The fix required understanding a fundamental distinction:
Leftmost‑First (Perl): (a|ab) on "ab" → "a" (first alternative wins)
Leftmost‑Longest (POSIX): (a|ab) on "ab" → "ab" (longer match wins)
Implementing this in the PikeVM took ~100 lines. No performance regression in the default mode.
The Fix Velocity
| Version | Date | Fixes |
|---|---|---|
| v0.8.3 | Dec 4 | Negated classes, case‑insensitive |
| v0.8.4 | Dec 4 | ^ anchor (professional fix) |
| v0.8.5 | Dec 5 | Word boundaries \b \B |
| v0.8.6 | Dec 7 | ^ in FindAll/ReplaceAll |
| v0.8.7 | Dec 7 | Error message format |
| v0.8.8 | Dec 7 | DFA + capture groups |
| v0.8.9 | Dec 7 | Linter compatibility |
| v0.8.10 | Dec 7 | Inline flags (?s:…) |
| v0.8.11 | Dec 8 | End anchor first‑call bug |
| v0.8.12 | Dec 8 | Longest() implementation |
9 releases in 5 days, each one making coregex more stdlib‑compatible.
Performance: Still Fast
The real question: did all these fixes kill performance?
Pattern: .*connection.*
Input: 250 KB log file
stdlib: 12.6 ms
coregex: 4 µs
Speedup: 3,154× (unchanged from v0.8.0)
The architectural decisions paid off: SIMD pre‑filtering, lazy DFA, and strategy selection handle the fast path.

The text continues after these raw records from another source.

(* Let $h=u+v+u^{-1}+v^{-1}+u^{-1}v^{-1}\in A=\mathbb C\langle u^{\pm1},v^{\pm1}\rangle$ and consider the derivation $\frac{d}{dt}x=\{h,x\}_K$ of $A$ (the Kontsevich flow). For every integer $k>0$, $\pi(h^k)$ is an integral of this flow: $\frac{d}{dt}h^k=\{h,h^k\}_K\in[A,A]$, i.e. $\pi\big(\tfrac{d}{dt}h^k\big)=0$.
   Context: $A$ is the group algebra over $\mathbb C$ of the free group on $u,v$; $[A,A]$ is the linear span of all $ab-ba$; $\pi:A\to A/[A,A]$ is the projection. $\mu(a\otimes b)=ab$; $A\otimes A$ has componentwise multiplication. The double bracket $\llbracket\cdot\rrbracket_K:A\otimes A\to A\otimes A$ is the linear map with $\llbracket u\otimes v\rrbracket_K=-vu\otimes1$, $\llbracket v\otimes u\rrbracket_K=uv\otimes1$, $\llbracket u\otimes u\rrbracket_K=\llbracket v\otimes v\rrbracket_K=0$, extended (also to inverse letters) by the Leibniz rules $\llbracket a\otimes bc\rrbracket_K=\llbracket a\otimes b\rrbracket_K(1\otimes c)+(b\otimes1)\llbracket a\otimes c\rrbracket_K$ and $\llbracket ab\otimes c\rrbracket_K=\llbracket a\otimes c\rrbracket_K(b\otimes1)+(1\otimes a)\llbracket b\otimes c\rrbracket_K$. The bracket is $\{a,b\}_K=\mu(\llbracket a\otimes b\rrbracket_K)$; it satisfies the Leibniz rule in the second argument, so $\{h,\cdot\}_K$ is a derivation of $A$. *)

theory Defs
  imports Complex_Main
begin

text \<open>Free group F on two generators u, v, realised by freely reduced words.
  A letter is a pair (g, e): g = False means u, g = True means v;
  e = True means exponent +1, e = False means exponent -1.\<close>

type_synonym letter = "bool \<times> bool"
type_synonym word = "letter list"

definition inv_letter :: "letter \<Rightarrow> letter" where
  "inv_letter l = (fst l, \<not> snd l)"

fun red :: "word \<Rightarrow> word" where
  "red [] = []"
| "red (x # xs) = (case red xs of [] \<Rightarrow> [x]
                    | y # ys \<Rightarrow> (if y = inv_letter x then ys else x # y # ys))"

text \<open>The group algebra A = C[F]: finitely supported complex functions on reduced words.\<close>
definition algA :: "(word \<Rightarrow> complex) set" where
  "algA = {f. finite {w. f w \<noteq> 0} \<and> (\<forall>w. f w \<noteq> 0 \<longrightarrow> red w = w)}"

definition addA :: "(word \<Rightarrow> complex) \<Rightarrow> (word \<Rightarrow> complex) \<Rightarrow> (word \<Rightarrow> complex)" where
  "addA f g = (\<lambda>w. f w + g w)"

definition smulA :: "complex \<Rightarrow> (word \<Rightarrow> complex) \<Rightarrow> (word \<Rightarrow> complex)" where
  "smulA c f = (\<lambda>w. c * f w)"

definition zeroA :: "word \<Rightarrow> complex" where
  "zeroA = (\<lambda>w. 0)"

definition gen :: "word \<Rightarrow> (word \<Rightarrow> complex)" where
  "gen w = (\<lambda>x. if x = red w then 1 else 0)"

definition oneA :: "word \<Rightarrow> complex" where
  "oneA = gen []"

definition mulA :: "(word \<Rightarrow> complex) \<Rightarrow> (word \<Rightarrow> complex) \<Rightarrow> (word \<Rightarrow> complex)" where
  "mulA f g = (\<lambda>w. \<Sum>p\<in>{(x, y). f x \<noteq> 0 \<and> g y \<noteq> 0 \<and> red (x @ y) = w}. f (fst p) * g (snd p))"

The bug fixes live in edge‑case handling – code that rarely runs.
Full Stdlib Compatibility
After v0.8.12, GoAWK’s test suite passes completely:
$ cd goawk
$ go test ./...
ok github.com/benhoyt/goawk 4.832s
Drop‑in replacement confirmed.
// Before
import "regexp"
// After
import "github.com/coregx/coregex"
// That's it. Same API. 5‑3000× faster.
What I Learned
- Real‑world testing > Unit tests – My coverage was 88 %; GoAWK found 11 bugs. Users catch what you don’t imagine.

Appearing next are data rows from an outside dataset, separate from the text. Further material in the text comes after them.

lemma cycle_arc:
  assumes a: "a \<in> {1..n}" and L: "1 \<le> L" "L < n"
  shows "arc (cycle_arc a L) \<and> pathstart (cycle_arc a L) = P a \<and>
    pathfinish (cycle_arc a L) = P (cyc_shift n a L) \<and>
    path_image (cycle_arc a L) = (\<Union>t<L. path_image (G (cyc_shift n a t)))"
proof -
  have inj: "inj_on (cyc_shift n a) {0..<n}"
    using inj_on_cyc_shift[OF a] .
  have "arc (cycle_arc a L) \<and> pathstart (cycle_arc a L) = P (cyc_shift n a 0) \<and>
    pathfinish (cycle_arc a L) = P (cyc_shift n a L) \<and>
    path_image (cycle_arc a L) = (\<Union>t<L. path_image (G (cyc_shift n a t)))"
    unfolding cycle_arc_def
  proof (rule arc_join_arcs[OF L(1)])
    fix t assume t: "t < L"
    have "cyc_shift n a t \<in> {1..n}" "cyc_succ n (cyc_shift n a t) = cyc_shift n a (Suc t)"
      using cyc_shift_range[OF a] cyc_succ_shift[OF a] t L by simp_all
    then show "arc (G (cyc_shift n a t)) \<and> pathstart (G (cyc_shift n a t)) = P (cyc_shift n a t) \<and>
        pathfinish (G (cyc_shift n a t)) = P (cyc_shift n a (Suc t))"
      using edge_arc edge_start edge_finish by simp
  next
    fix t l assume tl: "t < l" "l < L"
    let ?s = "cyc_shift n a"
    have range: "?s t \<in> {1..n}" "?s l \<in> {1..n}"
      using cyc_shift_range[OF a] tl L by simp_all
    have succ: "cyc_succ n (?s t) = ?s (Suc t)" "cyc_succ n (?s l) = ?s (Suc l)"
      using cyc_succ_shift[OF a] tl L by simp_all
    have "{?s t, ?s (Suc t)} \<inter> {?s l, ?s (Suc l)} \<subseteq> (if l = Suc t then {?s l} else {})"
      using inj tl L by (auto simp: inj_on_eq_iff)
    moreover have "?s t \<noteq> ?s l"
      using inj tl L by (auto simp: inj_on_eq_iff)
    ultimately have "P ` ({?s t, cyc_succ n (?s t)} \<inter> {?s l, cyc_succ n (?s l)}) \<subseteq>
        (if l = Suc t then {P (?s l)} else {})"
      unfolding succ by auto
    then show "path_image (G (?s t)) \<inter> path_image (G (?s l)) \<subseteq>
        (if l = Suc t then {P (?s l)} else {})"
      using edges_meet[OF range \<open>?s t \<noteq> ?s l\<close>] by (rule order_trans[rotated])
  qed
  moreover have "cyc_shift n a 0 = a"
    using a by (simp add: cyc_shift_def)
  ultimately show ?thesis by simp
qed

- Multi‑engine architecture = Multi‑engine bugs – Each strategy (DFA, NFA, ReverseAnchored, OnePass) has its own edge cases. Integration tests between engines became critical.
- “Works on my machine” is worthless – Ben exercised regex in ways my benchmarks never did.
- Fast feedback loops matter – Issues → fix → release → test, sometimes twice a day. Ben’s detailed reports made this possible.
The Collaboration
I want to publicly thank Ben Hoyt. He could have said “this library has bugs, I’ll use stdlib.” Instead, he filed detailed issues, provided test cases, and kept testing each release. This is open‑source at its best.
Try It Yourself
go get github.com/coregx/coregex@v0.8.12
package main
import (
"fmt"
"github.com/coregx/coregex"
)
func main() {
re := coregex.MustCompile(`\w+@[\w.]+`)
fmt.Println(re.FindString("email: test@example.com"))
// Output: test@example.com
}
Found a bug? Open an issue. I’ll fix it.
What’s Next
- v0.9.0: ARM NEON SIMD (waiting for Go 1.26)
- v1.0.0: API stability guarantee, security audit
Your feedback: the fastest path to production‑ready.
Links
- GitHub: coregx/coregex
- GoAWK PR #264 – The integration that found everything
- Original article
From 0 to 11 bugs fixed. From “interesting project” to “production‑ready.” Thanks to one developer who actually tried to use it.